This is a rush transcript. Copy may not be in its final form.

NERMEEN SHAIKH: This is Democracy Now!, democracynow.org. I’m Nermeen Shaikh.

Israel is being accused of using starvation as a weapon of war in Gaza, as Israeli forces continue to severely restrict the delivery of humanitarian aid, food and medical supplies to millions inside the besieged territory after four months of indiscriminate bombardment and mass displacement. U.N. human rights experts warn Gaza’s 2.3 million population is facing severe levels of hunger, with the risk of famine increasing daily.

For more, we’re joined by Alex de Waal, executive director of the World Peace Foundation at Tufts University and author of Mass Starvation: The History and Future of Famine. His piece for The Guardian is headlined “Unless Israel changes course, it could be legally culpable for mass starvation.”

Alex de Waal, welcome to Democracy Now! Lay out the argument you have in your Guardian piece.

ALEX DE WAAL: So, my argument is essentially that while it may be possible to bomb a hospital by accident, it is not possible to create a famine by accident, and that for some months now, and particularly in mid-December, when the famine review committee, which is sort of the highest level of humanitarian assessment in the world, an independent, impartial, professional and extremely discrete body of experts, said that Gaza is heading towards famine, it is already in catastrophe — and these are very technical terms. And unless there is an end to active hostilities by the Israeli authorities and army and a full spectrum of relief operations, it is inevitable that sometime in the coming months — and they said beginning likely in early February — under the technical definitions, Gaza would be in famine.

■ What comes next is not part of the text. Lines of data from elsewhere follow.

lemma jacobi_LY_constraint_A:
  fixes c a b a' b' r :: complex and g :: poly2
  defines "r \<equiv> 2*c*a' - b'"
  assumes LY: "jacobi_LY c a b a' b' g" and "b - b' + c = 0" and "c \<noteq> 0"
    and "poly (at_lam g 0) r = 0" and "poly (at_lam g 0) (r + 2*c) = 0"
  shows "(2*a' + 2*a - 1) * (2*a' + 2*a - 3) * poly (at_lam g 0) (r - 2*c) = 0"
proof -
  define G where "G l = poly (at_lam g l)" for l
  note R = jacobi_LY_at_0[OF LY, folded G_def] and J = jacobi_LYD[OF LY, folded G_def]
  have G0: "G 0 r = 0" "G 0 (r + 2*c) = 0"
    using assms(5,6) by (simp_all add: G_def)
  have "G (2*c) r = 0"
    using R[of "2*c" r] G0 \<open>c \<noteq> 0\<close> by simp
  then have "(r + a*(2*c) + b) * G (2*c) (r - 2*c) = 0"
    using J[of "r - 2*c" "2*c" "2*c"] by simp
  then have "0 = (r + a*(2*c) + b) * (2*c * G (2*c) (r - 2*c))"
    by auto
  also have "2*c * G (2*c) (r - 2*c) = - ((r - 2*c + a*(2*c) + b) * G 0 (r - 2*c))"
    using R[of "2*c" "r - 2*c"] G0 by simp
  finally have "(r + a*(2*c) + b) * (r - 2*c + a*(2*c) + b) * G 0 (r - 2*c) = 0"
    by simp
  moreover have "r + a*(2*c) + b = c * (2*a' + 2*a - 1)" "r - 2*c + a*(2*c) + b = c * (2*a' + 2*a - 3)"
    using assms(3) by (simp_all add: r_def algebra_simps)
  ultimately show ?thesis
    using \<open>c \<noteq> 0\<close> by (simp add: G_def)
qed

lemma jacobi_LY_constraint_B:
  fixes c a b a' b' r :: complex and g :: poly2
  defines "r \<equiv> 2*c*a' - b'"
  assumes LY: "jacobi_LY c a b a' b' g" and "b - b' + c = 0" and "c \<noteq> 0" and "a' \<noteq> 0"
    and "poly (at_lam g 0) r = 0" and "poly (at_lam g 0) (r + 4*c) = 0"
  shows "(2*a' + 4*a - 5) * poly (at_lam g 0) (r - 4*c) = 0"
proof -
  define G where "G l = poly (at_lam g l)" for l
  note R = jacobi_LY_at_0[OF LY, folded G_def] and J = jacobi_LYD[OF LY, folded G_def]
  have G0: "G 0 r = 0" "G 0 (r + 4*c) = 0"
    using assms(6,7) by (simp_all add: G_def)
  have "G (4*c) r = 0"
    using R[of "4*c" r] G0 \<open>c \<noteq> 0\<close> by simp
  then have "(r - 4*c*a' + b') * G (4*c) (r - 4*c) = 0"
    using J[of r "-4*c" "4*c"] G0 by (simp add: algebra_simps)
  then have "0 = (r - 4*c*a' + b') * (3*c * G (4*c) (r - 4*c))"
    by auto
  also have "3*c * G (4*c) (r - 4*c) = - ((r - 4*c + a*(4*c) + b) * G 0 (r - 4*c))"
    using R[of "4*c" "r - 4*c"] G0 by simp
  finally have "(r - 4*c*a' + b') * (r - 4*c + a*(4*c) + b) * G 0 (r - 4*c) = 0"
    by simp
  moreover have "r - 4*c*a' + b' = - 2*c*a'" "r - 4*c + a*(4*c) + b = c * (2*a' + 4*a - 5)"
    using assms(3) by (simp_all add: r_def algebra_simps)
  ultimately show ?thesis
    using \<open>c \<noteq> 0\<close> \<open>a' \<noteq> 0\<close> by (simp add: G_def)
qed

lemma jacobi_LY_constraint_C:
  fixes c a b a' b' r :: complex and g :: poly2
  defines "r \<equiv> 2*c*a' - b'"
  assumes LY: "jacobi_LY c a b a' b' g" and "c \<noteq> 0"
    and "poly (at_lam g 0) r = 0" and "poly (at_lam g 0) (r + 4*c) = 0"
  shows "(2*a'^2 - a' - 2) * poly (at_lam g 0) (r - 4*c) = 0"
proof -
  define G where "G l = poly (at_lam g l)" for l
  note R = jacobi_LY_at_0[OF LY, folded G_def] and J = jacobi_LYD[OF LY, folded G_def]
  have G0: "G 0 r = 0" "G 0 (r + 4*c) = 0"
    using assms(4,5) by (simp_all add: G_def)
  have "G (-4*c) (r + 4*c) = 0"
    using R[of "-4*c" "r + 4*c"] G0 \<open>c \<noteq> 0\<close> by simp
  then have "c * (4 - 2*a') * G (-4*c) r = 3*c * G (-8*c) (r + 4*c)"
    using J[of "r + 4*c" "-4*c" "-4*c"] by (simp add: r_def algebra_simps)
  moreover have "c * G (-4*c) r = 2*c*a' * G 0 (r - 4*c)"
    using R[of "-4*c" r] G0 by (auto simp: r_def algebra_simps)
  moreover have "3*c * G (-8*c) (r + 4*c) = c * (6*a' - 4) * G 0 (r - 4*c)"
    using R[of "-8*c" "r + 4*c"] G0 by (simp add: r_def algebra_simps)
  ultimately have "c * (2*a'^2 - a' - 2) * G 0 (r - 4*c) = 0"
    by algebra
  then show ?thesis
    using \<open>c \<noteq> 0\<close> by (simp add: G_def)
qed

lemma weight_constraints_solution:
  fixes a a' :: complex
  assumes A: "(2*a' + 2*a - 1) * (2*a' + 2*a - 3) = 0" and B: "2*a' + 4*a - 5 = 0"
    and C: "2*a'^2 - a' - 2 = 0"
  shows "a - a' = 1/2"
proof -
  have a: "a = (5 - 2*a')/4"
    using B by (simp add: field_simps)
  have "(a' + 3/2) * (a' - 1/2) = 0"
    using A B by algebra
  moreover have "a' \<noteq> -3/2"
    using C by (auto simp: power2_eq_square)
  ultimately have "a' = 1/2"
    by (simp add: eq_neg_iff_add_eq_0)
  with a show ?thesis
    by simp
qed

So that is fair warning. And the actions undertaken by the government of Israel — and the war crime of starvation is defined thus: “using starvation of civilians as a method of warfare by depriving them of objects indispensable to their survival, including wilfully impeding relief supplies.” So the main element of the crime is destroying food, foodstuffs, hospitals, medical care, sanitation, shelter, etc. Unless that is all stopped, Gaza will be in famine.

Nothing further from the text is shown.